** Exercise prompt **
Read the records below and report each line in which "obtains" occurs.

** Exercise input **
────────────────

lemma act_word_winv_prepends:
  assumes "reduced M" and "reduced N" and "M \<noteq> [] \<Longrightarrow> not_headed_by (fst (hd M)) N"
  obtains n' M' where "act_word (winv (concat (map snd M))) (n, N) = (n', M' @ N)"
  using assms
proof (induction M arbitrary: n N thesis)
  case Nil
  then show ?case by simp
next
  case (Cons p M)
  obtain z t where p: "p = (z, t)"
    by (cases p)
  then have t: "syllable z t" and M: "reduced M" and "not_headed_by z M"
    using Cons.prems(2) by auto
  then have t': "on_side z (winv t)"
    by (simp add: syllable_def)
  have "\<not> same_vcoset z (winv t) []"
  proof
    assume "same_vcoset z (winv t) []"
    then obtain j where "factor_eq z (winv t) (v_pow j)"
      by (auto simp: same_vcoset_def)
    from artin_eq_winv[OF this] have "same_vcoset z t []"
      using t by (auto simp: same_vcoset_def syllable_def winv_v_pow)
    then show False
      using t coset_rep(2)[where z = z and g = t] by (simp add: syllable_def)
  qed
  then obtain n1 t1 where step: "act_factor z (winv t) (n, N) = (n1, (z, t1) # N)"
    using act_factor_prepends[OF t'] Cons.prems(3,4) p by (metis list.distinct(1) list.sel(1) prod.sel)
  then have N1: "reduced ((z, t1) # N)"
    using reduced_act_factor[OF t', of "(n, N)"] Cons.prems(3) by simp
  have "M \<noteq> [] \<Longrightarrow> not_headed_by (fst (hd M)) ((z, t1) # N)"
    using \<open>not_headed_by z M\<close> by (auto simp: not_headed_by_def)
  then obtain n' M' where "act_word (winv (concat (map snd M))) (n1, (z, t1) # N) = (n', M' @ (z, t1) # N)"
    using Cons.IH[OF _ M N1] by blast
  moreover have "act_word (winv t) (n, N) = (n1, (z, t1) # N)"
    using act_word_on_side[OF t'] Cons.prems(3) step by simp
  ultimately show ?case
    using Cons.prems(1)[of n' "M' @ [(z, t1)]"] p by (simp add: act_word_append)
qed

lemma act_word_conjugate_by_reduced:
  assumes L: "reduced L" "not_headed_by z L"
    and h: "on_side z h" "\<not> same_vcoset z h []"
  obtains n' M' t' where
    "act_word (winv (concat (map snd L)) @ h @ concat (map snd L)) (0, []) = (n', M' @ (z, t') # L)"
proof -
  obtain n1 t' where step: "act_factor z h (0, L) = (n1, (z, t') # L)"
    using act_factor_prepends[OF h, of "(0, L)"] L by auto
  then have "reduced ((z, t') # L)"
    using reduced_act_factor[OF h(1), of "(0, L)"] L by simp
  moreover have "L \<noteq> [] \<Longrightarrow> not_headed_by (fst (hd L)) ((z, t') # L)"
    using L(2) by (auto simp: not_headed_by_def)
  ultimately obtain n' M' where
    "act_word (winv (concat (map snd L))) (n1, (z, t') # L) = (n', M' @ (z, t') # L)"
    using act_word_winv_prepends L(1) by blast
  moreover have "act_word h (act_word (concat (map snd L)) (0, [])) = (n1, (z, t') # L)"
    using act_word_concat[OF L(1)] act_word_on_side[OF h(1)] L(1) step by simp
  ultimately show ?thesis
    using that by (simp add: act_word_append)
qed

lemma act_word_on_side_short:
  assumes "on_side z w"
  shows "snd (act_word w (0, [])) = [] \<or> (\<exists>t. snd (act_word w (0, [])) = [(z, t)])"
  using act_word_on_side[OF assms] act_factor_on_trivial by simp

lemma conjugate_leaves_v_subgroup:
  assumes ab: "\<not> ambient_eq [(a, True)] [(b, True)]"
  obtains c where "c \<in> {a, b}" and "\<not> same_vcoset True (winv g @ [(c, True)] @ g) []"
proof -
  have to_v: "factor_eq True (winv g @ [(c, True)] @ g) (v_pow 1)"
    if trivial: "same_vcoset True (winv g @ [(c, True)] @ g) []" for c
  proof -
    obtain j where j: "factor_eq True (winv g @ [(c, True)] @ g) (v_pow j)"
      using trivial unfolding same_vcoset_Nil_iff by blast
    then have "j = 1"
      using artin_eq_exp_sum[OF j] by (simp add: exp_sum_v_pow)
    then show ?thesis
      using j by simp
  qed
  have "\<not> (\<forall>c\<in>{a, b}. same_vcoset True (winv g @ [(c, True)] @ g) [])"
  proof
    assume "\<forall>c\<in>{a, b}. same_vcoset True (winv g @ [(c, True)] @ g) []"
    then have "ambient_eq (winv g @ [(a, True)] @ g) (winv g @ [(b, True)] @ g)"
      using to_v factor_eq_imp_ambient_eq by (blast intro: artin_eq.sym artin_eq.trans)
    then have "ambient_eq [(a, True)] [(b, True)]"
      by (blast intro: artin_eq_cancel_left artin_eq_cancel_right)
    with ab show False ..
  qed
  then show ?thesis
    using that by blast
qed

lemma side_True [simp]: "side True = X"
  by (simp add: side_def)

lemma obtain_factor_prefix:
  assumes k: "word_over VV k"
  obtains g L where "on_side z g" "reduced L" "not_headed_by z L" "ambient_eq k (g @ concat (map snd L))"
proof -
  obtain n L where nL: "act_word k (0, []) = (n, L)"
    by (cases "act_word k (0, [])")
  then have L: "reduced L"
    using reduced_act_word[OF k, of "(0, [])"] by simp
  have "on_side z (v_pow n @ fst (take_syllable z L))"
    using on_side_take_syllable[OF L, of z] on_side_v_pow[where z = z and n = n] by simp
  moreover have "ambient_eq k ((v_pow n @ fst (take_syllable z L)) @ concat (map snd (snd (take_syllable z L))))"
    using act_word_nf_word[OF k, of "(0, [])"] nL concat_take_syllable[of L z] by (simp add: nf_word_def)
  ultimately show ?thesis
    using that reduced_take_syllable[OF L, of z] by blast
qed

────────────────

** Response to this exercise **
  obtains n' M' where "act_word (winv (concat (map snd M))) (n, N) = (n', M' @ N)"
  obtains n' M' t' where
  obtains c where "c \<in> {a, b}" and "\<not> same_vcoset True (winv g @ [(c, True)] @ g) []"
  obtains g L where "on_side z g" "reduced L" "not_headed_by z L" "ambient_eq k (g @ concat (map snd L))"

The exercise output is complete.